Dieter Sell, epd Landesdienst Niedersachsen/Bremen
„Reformationsjubiläum ist vor Ort ein voller Erfolg“
Stade. Über 250 Gäste begrüßte Landessuperintendent Dr. Hans Christian Brandy beim traditionellen Michaelis-Empfang des Sprengels Stade, der diesmal ganz im Zeichen des 500. Reformationsjubiläums stand.
„Es ist einfach ganz unglaublich, was in den Gemeinden, in den Kirchenkreisen, auch in den Kommunen und Städten gelaufen ist“, resümierte der Regionalbischof. Vor Ort sei das Jubiläum ein Erfolg gewesen durch die vielerlei Veranstaltungen. Er gewährte einen kleinen Einblick in die kirchlichen Aktivitäten zwischen Elbe und Weser: 500 Luther-Eichen gepflanzt, Musicals und Theaterstücke (auch auf plattdeutsch), Ausstellungen, Schülerwettbewerbe, Predigtreihen, theologische Vorträge und Konzerte. Es sei ein breites, lebendiges Fest, bei dem „Vieles gelungen war, auch wenn manches kritisch zu bemerken ist.“ So hätten die Veranstaltungen in Wittenberg nicht immer die erhofften Besucherzahlen erreicht. „ Ich glaube ja, so paradox das klingen mag, dass es damit zusammen hängt, dass das Reformationsjubiläum solch ein Erfolg war, und zwar vor Ort. Da konnte man gar nicht mehr so viel nach Wittenberg fahren.“
Mit Blick auf die Geschichte des Sprengels Stade verwies der leitende Theologe darauf, dass hier „jeder Ort seine eigene Reformationsgeschichte“ habe, denn im Gegensatz zu anderen Regionen habe es keine Reformation „von oben durch die Fürsten“ gegeben. So wäre in Stade bereits 1521 evangelisch gepredigt worden, während es in anderen Orten erst ein halbes Jahrhundert später soweit gewesen sei.

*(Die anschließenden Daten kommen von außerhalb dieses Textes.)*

(* Let $E$ be a universally measurable separable metric space with Borel $\sigma$-algebra $\mathcal{B}$, $P$ a Markovian kernel on $(E,\mathcal{B})$, $R=\sum_{k=0}^\infty2^{-(k+1)}P^k$, and $\mathcal{B}_1^+$ the measurable functions with values in $[0,1]$. Assume there exist a finite positive measure $m$, a continuous $\phi:[0,\infty)\to[0,\infty)$ with $\phi(0)=0$ having an increasing inverse $\phi^{-1}$, and $\delta\in[0,1)$ such that $Pf(x)\le\phi(m(f))+\delta$ for all $f\in\mathcal{B}_1^+$ and all $x\in E$. Then $m\circ R$ is mean almost invariant for $P$, and the number of pairwise mutually singular invariant probability measures of $P$ is at most $m(E)/\phi^{-1}(1-\delta)$. Consequently, if $\phi(m(E)/2)<1-\delta$, then $P$ has a unique invariant probability measure (hence ergodic).
   Context: $m\circ R$ is the measure $A\mapsto m(R1_A)$. A finite positive measure $\mu$ is mean almost invariant for $P$ if there exist $\delta'\in[0,1)$, $\psi:\mathcal{B}\to\mathbb{R}_+$ with $\lim_{\mu(A)\to0}\psi(A)=0$ and $n_1$ such that $\mu(S_n1_A)\le\psi(A)+\delta'\mu(E)$ for all $A$ and $n\ge n_1$, where $S_n=\frac1n\sum_{k=0}^{n-1}P^k$. *)

theory Defs
  imports "HOL-Probability.Probability"
begin

definition universally_measurable :: "'a::topological_space set \<Rightarrow> bool" where
  "universally_measurable S \<longleftrightarrow>
     (\<forall>\<mu>. finite_measure \<mu> \<and> sets \<mu> = sets borel \<longrightarrow> S \<in> sets (completion \<mu>))"

definition markov_kernel :: "'a measure \<Rightarrow> ('a \<Rightarrow> 'a measure) \<Rightarrow> bool" where
  "markov_kernel M K \<longleftrightarrow> K \<in> M \<rightarrow>\<^sub>M prob_algebra M"

definition kop :: "('a \<Rightarrow> 'a measure) \<Rightarrow> ('a \<Rightarrow> real) \<Rightarrow> 'a \<Rightarrow> real" where
  "kop K f x = (\<integral>y. f y \<partial>(K x))"

definition kpow :: "('a \<Rightarrow> 'a measure) \<Rightarrow> nat \<Rightarrow> ('a \<Rightarrow> real) \<Rightarrow> 'a \<Rightarrow> real" where
  "kpow K n f = (kop K ^^ n) f"

definition resolvent :: "('a \<Rightarrow> 'a measure) \<Rightarrow> ('a \<Rightarrow> real) \<Rightarrow> 'a \<Rightarrow> real" where
  "resolvent K f x = (\<Sum>k. (1/2) ^ (k+1) * kpow K k f x)"

definition cesaro :: "('a \<Rightarrow> 'a measure) \<Rightarrow> nat \<Rightarrow> ('a \<Rightarrow> real) \<Rightarrow> 'a \<Rightarrow> real" where
  "cesaro K n f x = (1 / real n) * (\<Sum>k<n. kpow K k f x)"

definition comp_resolvent :: "'a measure \<Rightarrow> 'a measure \<Rightarrow> ('a \<Rightarrow> 'a measure) \<Rightarrow> 'a measure" where
  "comp_resolvent M m K =
     measure_of (space M) (sets M) (\<lambda>A. ennreal (\<integral>x. resolvent K (indicator A) x \<partial>m))"

definition mean_almost_invariant :: "'a measure \<Rightarrow> ('a \<Rightarrow> 'a measure) \<Rightarrow> 'a measure \<Rightarrow> bool" where
  "mean_almost_invariant M K \<mu> \<longleftrightarrow>
     finite_measure \<mu> \<and> sets \<mu> = sets M \<and>
     (\<exists>\<delta>' \<psi> n1. 0 \<le> \<delta>' \<and> \<delta>' < 1 \<and>
        (\<forall>A\<in>sets M. 0 \<le> \<psi> A) \<and>
        (\<forall>\<epsilon>>0. \<exists>\<eta>>0. \<forall>A\<in>sets M. measure \<mu> A < \<eta> \<longrightarrow> \<psi> A < \<epsilon>) \<and>
        (\<forall>A\<in>sets M. \<forall>n\<ge>n1.
           (\<integral>x. cesaro K n (indicator A) x \<partial>\<mu>) \<le> \<psi> A + \<delta>' * measure \<mu> (space M)))"

definition invariant_prob :: "'a measure \<Rightarrow> ('a \<Rightarrow> 'a measure) \<Rightarrow> 'a measure \<Rightarrow> bool" where
  "invariant_prob M K \<mu> \<longleftrightarrow> prob_space \<mu> \<and> sets \<mu> = sets M \<and>
     (\<forall>A\<in>sets M. (\<integral>x. kop K (indicator A) x \<partial>\<mu>) = measure \<mu> A)"

definition mutually_singular :: "'a measure \<Rightarrow> 'a measure \<Rightarrow> 'a measure \<Rightarrow> bool" where
  "mutually_singular M \<mu> \<nu> \<longleftrightarrow>
     (\<exists>A\<in>sets M. emeasure \<mu> A = 0 \<and> emeasure \<nu> (space M - A) = 0)"

end

theory Submission
  imports Defs
begin

text \<open>
  As \<open>P\<close> preserves constant upper bounds, the hypothesis gives \<open>P\<^sup>k 1\<^sub>A \<le> \<phi>(m A) + \<delta>\<close>
  for all \<open>k \<ge> 1\<close>, so the Cesaro averages of \<open>1\<^sub>A\<close> are at most \<open>1\<^sub>A + \<phi>(m A) + \<delta>\<close>.
  Since \<open>R 1\<^sub>A \<ge> 1\<^sub>A / 2\<close>, the measure \<open>m \<circ> R\<close> dominates \<open>m / 2\<close>, hence \<open>\<phi>(m A)\<close> is small
  when \<open>(m \<circ> R) A\<close> is: this is mean almost invariance.

  An invariant probability \<open>\<mu>\<close> with \<open>\<mu> D = 1\<close> satisfies \<open>1 = \<integral> P 1\<^sub>D d\<mu> \<le> \<phi>(m D) + \<delta>\<close>,
  so \<open>m D \<ge> \<phi>\<^sup>-\<^sup>1(1 - \<delta>)\<close>. Pairwise mutually singular invariant probabilities are carried by
  pairwise disjoint sets, which bounds their number by \<open>m E / \<phi>\<^sup>-\<^sup>1(1 - \<delta>)\<close>.

  If \<open>\<phi>(m E / 2) < 1 - \<delta>\<close>, then for \<open>f\<close> with values in \<open>[0, 1]\<close> one of \<open>f\<close>, \<open>1 - f\<close> has
  \<open>m\<close>-integral at most \<open>m E / 2\<close>, so the oscillation of \<open>P f\<close> is at most
  \<open>c = \<phi>(m E / 2) + \<delta> < 1\<close>. Hence \<open>P\<^sup>n f\<close> converges uniformly to a constant \<open>L f\<close>, and
  \<open>A \<mapsto> L 1\<^sub>A\<close> is the unique invariant probability measure.
\<close>

definition measurable_between :: "'a measure \<Rightarrow> ('a \<Rightarrow> real) \<Rightarrow> real \<Rightarrow> real \<Rightarrow> bool" where
  "measurable_between M f a b \<longleftrightarrow> f \<in> borel_measurable M \<and> (\<forall>x\<in>space M. a \<le> f x \<and> f x \<le> b)"

lemma measurable_between_indicator: "A \<in> sets M \<Longrightarrow> measurable_between M (indicator A) 0 1"
  by (auto simp: measurable_between_def)

lemma measurable_between_cong_sets:
  assumes "sets N = sets M"
  shows "measurable_between N f a b \<longleftrightarrow> measurable_between M f a b"
  by (simp add: measurable_between_def measurable_cong_sets[OF assms refl] sets_eq_imp_space_eq[OF assms])

lemma abs_le_max_abs_if_between: "a \<le> (y::real) \<Longrightarrow> y \<le> b \<Longrightarrow> \<bar>y\<bar> \<le> max \<bar>a\<bar> \<bar>b\<bar>"
  by arith

lemma (in finite_measure) integrable_if_measurable_between:
  "measurable_between M f a b \<Longrightarrow> integrable M f"
  unfolding measurable_between_def
  by (intro integrable_const_bound[where B="max \<bar>a\<bar> \<bar>b\<bar>"]) (auto intro!: AE_I2 abs_le_max_abs_if_between)

lemma (in prob_space) integral_between:
  assumes f: "measurable_between M f a b"
  shows "a \<le> integral\<^sup>L M f \<and> integral\<^sup>L M f \<le> b"
proof -
  have "integrable M f" using f by (rule integrable_if_measurable_between)
  then have "integral\<^sup>L M (\<lambda>x. a) \<le> integral\<^sup>L M f \<and> integral\<^sup>L M f \<le> integral\<^sup>L M (\<lambda>x. b)"
    using f by (intro conjI integral_mono) (auto simp: measurable_between_def)
  then show ?thesis by (simp add: prob_space)
qed

lemma eq_if_abs_diff_le_geometric:
  fixes x y c B :: real
  assumes c: "0 \<le> c" "c < 1" and le: "\<And>n. \<bar>x - y\<bar> \<le> B * c ^ n"
  shows "x = y"
proof -
  have "(\<lambda>n. B * c ^ n) \<longlonglongrightarrow> B * 0"
    by (intro tendsto_mult tendsto_const LIMSEQ_power_zero) (use c in auto)
  then have "\<bar>x - y\<bar> \<le> 0" using le by (intro LIMSEQ_le_const[of "\<lambda>n. B * c ^ n"]) auto
  then show ?thesis by simp
qed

„Die ganz große Chance dieses Jahres war und ist für mich, dass wir uns mit den Inhalten der Reformation beschäftigen. Dabei darf es aber nicht darum gehen, sie wie im Museum auszustellen und nur neu abzustauben, vielmehr muss es darum gehen, welche Relevanz und Bedeutung sie für heute haben.“ Zudem sei er sehr dankbar darüber, dass 2017 das Reformationsjubiläum ökumenischen gefeiert werde. „Ich persönlich bin außerordentlich froh vor allem darüber, in einem wie guten ökumenischen Geist das Jubiläum begangen wurde“.